Jun 9, 2007

KING LOUIE and the LOOSE DIAMONDS "Memphis Treet" CD

It says right on the back of the CD to file this under POWER POP and MEMPHIS GREASE. Well, I guess that's all there is to say, huh? Not with the likes of Jack Yarber, Harlan T. Bobo, That guy Chad who looks like Chris Shake and was in Kajun SS, Andrew Woodward of the Tearjerkers in the band, Jimbo Mathus pitching in a bit of guitar too AND Mr. Jim Dickinson doing the final mixing. I mean...DAMN! Ya know I'm gonna have some bit to say about the record.

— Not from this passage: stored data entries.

lemma far_vectors_eq:
  "{z \<in> Z2n n. n - 1 \<le> card z} = insert (ones n) (fvec n ` {1..n})"
proof (intro equalityI subsetI)
  fix z assume z: "z \<in> {z \<in> Z2n n. n - 1 \<le> card z}"
  show "z \<in> insert (ones n) (fvec n ` {1..n})"
  proof (cases "z = ones n")
    case False
    have "z \<subseteq> ones n" using z by (simp add: Z2n_def ones_def)
    with \<open>z \<noteq> ones n\<close> obtain k where "k \<in> ones n" "k \<notin> z" by blast
    with z have "z = fvec n k" by (intro eq_fvec_if_card_ge) (auto simp: ones_def)
    with \<open>k \<in> ones n\<close> show ?thesis by (simp add: ones_def)
  qed simp
next
  fix z assume "z \<in> insert (ones n) (fvec n ` {1..n})"
  then consider "z = ones n" | k where "k \<in> {1..n}" "z = fvec n k" by blast
  then show "z \<in> {z \<in> Z2n n. n - 1 \<le> card z}"
  proof cases
    case 1
    then show ?thesis by (simp add: Z2n_def ones_def)
  next
    case 2
    then show ?thesis by (simp add: fvec_in_Z2n card_fvec)
  qed
qed

lemma degree_H2:
  assumes "x \<in> Z2n n"
  shows "degree (Z2n n) (H2_adj n) x = n + 1"
proof -
  have "bij_betw (vadd x) {y \<in> Z2n n. H2_adj n x y} {z \<in> Z2n n. n - 1 \<le> card z}"
    using assms
    by (intro bij_betw_byWitness[where f'="vadd x"]) (auto simp: vadd_in_Z2n vadd_vadd_cancel H2_adj_iff)
  then have "degree (Z2n n) (H2_adj n) x = card {z \<in> Z2n n. n - 1 \<le> card z}"
    by (simp add: degree_def bij_betw_same_card)
  also have "\<dots> = card (insert (ones n) (fvec n ` {1..n}))"
    unfolding far_vectors_eq ..
  also have "\<dots> = n + 1"
  proof -
    have "inj_on (fvec n) {1..n}" by (intro inj_onI) (simp add: fvec_eq_iff)
    moreover have "ones n \<notin> fvec n ` {1..n}"
    proof
      assume "ones n \<in> fvec n ` {1..n}"
      then obtain k where "k \<in> {1..n}" "ones n = fvec n k" by blast
      then show False using fvec_mem[of k n k] unfolding ones_def by blast
    qed
    ultimately show ?thesis by (simp add: card_image)
  qed
  finally show ?thesis .
qed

Sure, it's greasy and has got it's share of powerpopness but leaving it just as that is like not sopping up all the left over gravy with a biscuit or two. Ya gotta savour all that flavor cuz it might be a spell before something of this kind of tastiness gets set on your plate again.

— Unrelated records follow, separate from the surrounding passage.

(* Let $D,L,T\subset\mathbb{P}^2$ be three distinct lines passing through a common point $a\in\mathbb{P}^2$. Then there exists a plane curve $S\subset\mathbb{P}^2$ of degree $6$ such that: (1) $S$ is irreducible and does not pass through $a$; (2) $S$ meets $D$ in $3$ distinct points, at which $S$ is smooth and tangent to $D$; (3) $S$ meets $L$ in $3$ distinct points, which are double points of $S$; (4) $S$ meets $T$ in $2$ distinct points, which are triple points of $S$. If $D,L,T$ are defined over $\mathbb{Q}$, these $8$ points can be chosen to be defined over $\mathbb{Q}$ and $S$ can be defined over a number field. *)

theory Defs
  imports Complex_Main "HOL-Computational_Algebra.Polynomial"
begin

text \<open>Points of the complex projective plane are represented by nonzero vectors of
  complex^3 (homogeneous coordinates); lines by nonzero linear forms (coefficient vectors);
  plane curves of degree d by nonzero ternary forms of degree d, given by their
  coefficient function on monomials x^i y^j z^k.\<close>

type_synonym cvec = "complex \<times> complex \<times> complex"
type_synonym tform = "nat \<times> nat \<times> nat \<Rightarrow> complex"

definition nonzero :: "cvec \<Rightarrow> bool" where
  "nonzero p \<longleftrightarrow> p \<noteq> (0, 0, 0)"

definition vscale :: "complex \<Rightarrow> cvec \<Rightarrow> cvec" where
  "vscale c p = (case p of (x, y, z) \<Rightarrow> (c * x, c * y, c * z))"

definition proj_eq :: "cvec \<Rightarrow> cvec \<Rightarrow> bool" where
  "proj_eq p q \<longleftrightarrow> (\<exists>c. c \<noteq> 0 \<and> q = vscale c p)"

definition cdot :: "cvec \<Rightarrow> cvec \<Rightarrow> complex" where
  "cdot l p = (case l of (a, b, c) \<Rightarrow> case p of (x, y, z) \<Rightarrow> a * x + b * y + c * z)"

definition on_line :: "cvec \<Rightarrow> cvec \<Rightarrow> bool" where
  "on_line l p \<longleftrightarrow> cdot l p = 0"

definition fmonos :: "nat \<Rightarrow> (nat \<times> nat \<times> nat) set" where
  "fmonos d = {(i, j, k). i + j + k = d}"

definition is_form :: "nat \<Rightarrow> tform \<Rightarrow> bool" where
  "is_form d F \<longleftrightarrow> (\<forall>m. m \<notin> fmonos d \<longrightarrow> F m = 0) \<and> (\<exists>m. F m \<noteq> 0)"

definition feval :: "nat \<Rightarrow> tform \<Rightarrow> cvec \<Rightarrow> complex" where
  "feval d F p = (case p of (x, y, z) \<Rightarrow>
     (\<Sum>(i, j, k)\<in>fmonos d. F (i, j, k) * x ^ i * y ^ j * z ^ k))"

definition irreducible_form :: "nat \<Rightarrow> tform \<Rightarrow> bool" where
  "irreducible_form d F \<longleftrightarrow> is_form d F \<and>
     \<not> (\<exists>d1 d2 G H. d1 \<ge> 1 \<and> d2 \<ge> 1 \<and> d1 + d2 = d \<and> is_form d1 G \<and> is_form d2 H \<and>
          (\<forall>x. feval d F x = feval d1 G x * feval d2 H x))"

definition restr :: "nat \<Rightarrow> tform \<Rightarrow> cvec \<Rightarrow> cvec \<Rightarrow> complex poly" where
  "restr d F p v = (case p of (p1, p2, p3) \<Rightarrow> case v of (v1, v2, v3) \<Rightarrow>
     (\<Sum>(i, j, k)\<in>fmonos d. smult (F (i, j, k)) ([:p1, v1:] ^ i * [:p2, v2:] ^ j * [:p3, v3:] ^ k)))"

text \<open>Multiplicity of the curve F = 0 at the point p (order of vanishing of F at p):
  the least m such that some directional Taylor coefficient of order m is nonzero.\<close>
definition mult_at :: "nat \<Rightarrow> tform \<Rightarrow> cvec \<Rightarrow> nat" where
  "mult_at d F p = (LEAST m. \<exists>v. coeff (restr d F p v) m \<noteq> 0)"

text \<open>The line l is tangent to F = 0 at p: l is contained in the tangent space
  {v. dF_p(v) = 0}.\<close>
definition tangent_at :: "nat \<Rightarrow> tform \<Rightarrow> cvec \<Rightarrow> cvec \<Rightarrow> bool" where
  "tangent_at d F l p \<longleftrightarrow> (\<forall>v. on_line l v \<longrightarrow> coeff (restr d F p v) 1 = 0)"

text \<open>P is a set of representatives of the (distinct) projective points in which the
  curve F = 0 meets the line l.\<close>
definition meets_in :: "nat \<Rightarrow> tform \<Rightarrow> cvec \<Rightarrow> cvec set \<Rightarrow> bool" where
  "meets_in d F l P \<longleftrightarrow>
     (\<forall>p\<in>P. nonzero p \<and> on_line l p \<and> feval d F p = 0) \<and>
     (\<forall>p\<in>P. \<forall>q\<in>P. proj_eq p q \<longrightarrow> p = q) \<and>
     (\<forall>q. nonzero q \<and> on_line l q \<and> feval d F q = 0 \<longrightarrow> (\<exists>p\<in>P. proj_eq p q))"

definition rat_vec :: "cvec \<Rightarrow> bool" where
  "rat_vec p \<longleftrightarrow> (case p of (x, y, z) \<Rightarrow> x \<in> \<rat> \<and> y \<in> \<rat> \<and> z \<in> \<rat>)"

definition rat_point :: "cvec \<Rightarrow> bool" where
  "rat_point p \<longleftrightarrow> (\<exists>c. c \<noteq> 0 \<and> rat_vec (vscale c p))"

definition number_field :: "complex set \<Rightarrow> bool" where
  "number_field K \<longleftrightarrow> 0 \<in> K \<and> 1 \<in> K \<and>
     (\<forall>x\<in>K. \<forall>y\<in>K. x + y \<in> K \<and> x * y \<in> K \<and> - x \<in> K) \<and>
     (\<forall>x\<in>K. x \<noteq> 0 \<longrightarrow> inverse x \<in> K) \<and>
     (\<exists>B. finite B \<and> B \<subseteq> K \<and> K \<subseteq> {(\<Sum>b\<in>B. of_rat (r b) * b) | r. True})"

definition over_number_field :: "tform \<Rightarrow> bool" where
  "over_number_field F \<longleftrightarrow> (\<exists>K c. number_field K \<and> c \<noteq> 0 \<and> (\<forall>m. c * F m \<in> K))"

end

(* In coordinates with D, L, T the lines x = 0, x = z, z = 0 and a = (0 : 1 : 0), the explicit
   sextic model_sextic restricts to the three lines as y^2 (y + 12 z)^2 (y - 6 z)^2,
   (y + 5 x)^2 (y - x)^2 (y - 7 x)^2 and y^3 (y - 6 x)^3; its multiplicities and tangents at the
   eight points are read off from its partial derivatives there.

   It is irreducible: a factor G of degree e, 1 <= e <= 5, does not vanish at a, so on the line
   through a and (p1 : 0 : p3) it has e roots y, and their sum is a linear function of (p1, p3).
   Hence the root sum on L (base point (1 : 0 : 1)) is the sum of those on D and T (base points
   (0 : 0 : 1) and (1 : 0 : 0)). The roots on D and T are 0 mod 6 and those on L are 1 mod 6,
   forcing e = 0 mod 6, a contradiction.

   Any three distinct concurrent lines are moved to this model by a projective change of
   coordinates, which is defined over Q when the lines are. *)

theory Submission
  imports Defs "HOL-Computational_Algebra.Fundamental_Theorem_Algebra"
begin

section \<open>Points, lines and ternary forms\<close>

lemma vscale_vscale: "vscale a (vscale b p) = vscale (a * b) p"
  by (cases p) (simp add: vscale_def)

lemma vscale_1: "vscale 1 p = p"
  by (cases p) (simp add: vscale_def)

lemma cdot_vscale_left: "cdot (vscale c l) p = c * cdot l p"
  by (cases l; cases p) (simp add: cdot_def vscale_def algebra_simps)

lemma cdot_vscale_right: "cdot l (vscale c p) = c * cdot l p"
  by (cases l; cases p) (simp add: cdot_def vscale_def algebra_simps)

lemma proj_eq_sym:
  assumes "proj_eq p q"
  shows "proj_eq q p"
proof -
  from assms obtain c where "c \<noteq> 0" "q = vscale c p" unfolding proj_eq_def by blast
  then have "inverse c \<noteq> 0" "p = vscale (inverse c) q" by (simp_all add: vscale_vscale vscale_1)
  then show ?thesis unfolding proj_eq_def by blast
qed

lemma proj_eq_vscale: "c \<noteq> 0 \<Longrightarrow> proj_eq p (vscale c p)"
  unfolding proj_eq_def by blast

lemma proj_eq_trans:
  assumes "proj_eq p q" "proj_eq q r"
  shows "proj_eq p r"
proof -
  from assms obtain c c' where "c \<noteq> 0" "q = vscale c p" "c' \<noteq> 0" "r = vscale c' q"
    unfolding proj_eq_def by blast
  then have "c' * c \<noteq> 0" "r = vscale (c' * c) p" by (simp_all add: vscale_vscale)
  then show ?thesis unfolding proj_eq_def by blast
qed

lemma proj_eq_vscale_iff:
  assumes "c \<noteq> 0" "c' \<noteq> 0"
  shows "proj_eq (vscale c p) (vscale c' q) \<longleftrightarrow> proj_eq p q"
  using proj_eq_trans proj_eq_sym proj_eq_vscale[OF assms(1), of p] proj_eq_vscale[OF assms(2), of q]
  by meson

lemma nonzero_vscale_iff: "c \<noteq> 0 \<Longrightarrow> nonzero (vscale c p) \<longleftrightarrow> nonzero p"
  by (cases p) (auto simp: nonzero_def vscale_def)

lemma on_line_vscale_iff: "c \<noteq> 0 \<Longrightarrow> on_line (vscale c l) X \<longleftrightarrow> on_line l X"
  by (simp add: on_line_def cdot_vscale_left)

lemma finite_fmonos: "finite (fmonos d)"
proof -
  have "fmonos d \<subseteq> {..d} \<times> {..d} \<times> {..d}" by (auto simp: fmonos_def)
  then show ?thesis by (rule finite_subset) auto
qed

definition homogeneous :: "nat \<Rightarrow> tform \<Rightarrow> bool" where
  "homogeneous d F \<longleftrightarrow> (\<forall>m. m \<notin> fmonos d \<longrightarrow> F m = 0)"

lemma sum_fmonos_shift:
  assumes n: "n = d + a + b + c"
    and vanish: "\<And>i j k. i + j + k = n \<Longrightarrow> g (i, j, k) \<noteq> 0 \<Longrightarrow> a \<le> i \<and> b \<le> j \<and> c \<le> k"
  shows "(\<Sum>m\<in>fmonos n. g m) = (\<Sum>(i, j, k)\<in>fmonos d. g (i + a, j + b, k + c))"
proof -
  define s where "s = (\<lambda>(i, j, k). (i + a, j + b, k + c))"
  have inj: "inj_on s (fmonos d)" by (auto simp: s_def inj_on_def)
  have sub: "s ` fmonos d \<subseteq> fmonos n" by (auto simp: s_def fmonos_def n)
  have "g m = 0" if "m \<in> fmonos n - s ` fmonos d" for m
  proof (rule ccontr)
    obtain i j k where m: "m = (i, j, k)" by (cases m)
    assume "g m \<noteq> 0"
    with that vanish[of i j k] have "a \<le> i \<and> b \<le> j \<and> c \<le> k" by (auto simp: m fmonos_def)
    then have "m = s (i - a, j - b, k - c)" "(i - a, j - b, k - c) \<in> fmonos d"
      using that by (auto simp: m s_def fmonos_def n)
    with that show False by blast
  qed
  then have "sum g (fmonos n) = sum g (s ` fmonos d)"
    by (intro sum.mono_neutral_right[OF finite_fmonos sub]) auto
  also have "\<dots> = sum (g \<circ> s) (fmonos d)" by (rule sum.reindex[OF inj])
  finally show ?thesis by (simp add: s_def case_prod_beta')
qed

The "powerpop" tag here shines it's brightest on disc's opener, the bouncy "Negative Contact (10-77)", a bit of the 'Sweet Jane" vibe going on in "Fire On The Sun" (Yeah, I know most wouldn't consider the Velvets a powerpop band but there's more than a few hooks and ideas off "Loaded" that I'm pretty sure inspired at least a few such bands. What's that old saying that not many people heard the Velvet Underground when they were around but the one's who did started their own band's afterwards" or something like that), and last but not least "Gypsy Switch" were Louie takes backs "Shattered" by the Exploding Hearts, restoring lyrics that weren't it it's better known version and making it sound like something from "Like Flies On Sherbert" yet somehow more together but just as disheveled. All of the songs above though do have a whole bunch of Memphis Grease. As a matter of fact I think the "File Under:" notation it should have gotten top billing over the "powerpop" mention. Be it the Tony Joe White gone trash picking groove of "Girl In The Holler", a pretty straight if stripped down and ragged take "Montage de L'Amour" (aka "Mountain Of Love." Yes, the song Johnny Rivers made famous), breezes blowing through the sugar cane field instrumentals, the high school dance weeper feeling of "Heart" or the almost E Street Band feeling (in a good way. You Bruce haters gotta realize there was some good shit before "Born In The USA") of "She's Losing Her Hair" these diamonds put a oily southern pop flavor in every song. The past few summer's Louie Bankston put's out something just as summer starting to happen and it always finds itself spending a good amount of time on my stereo. "Memphis Treet" will be no different.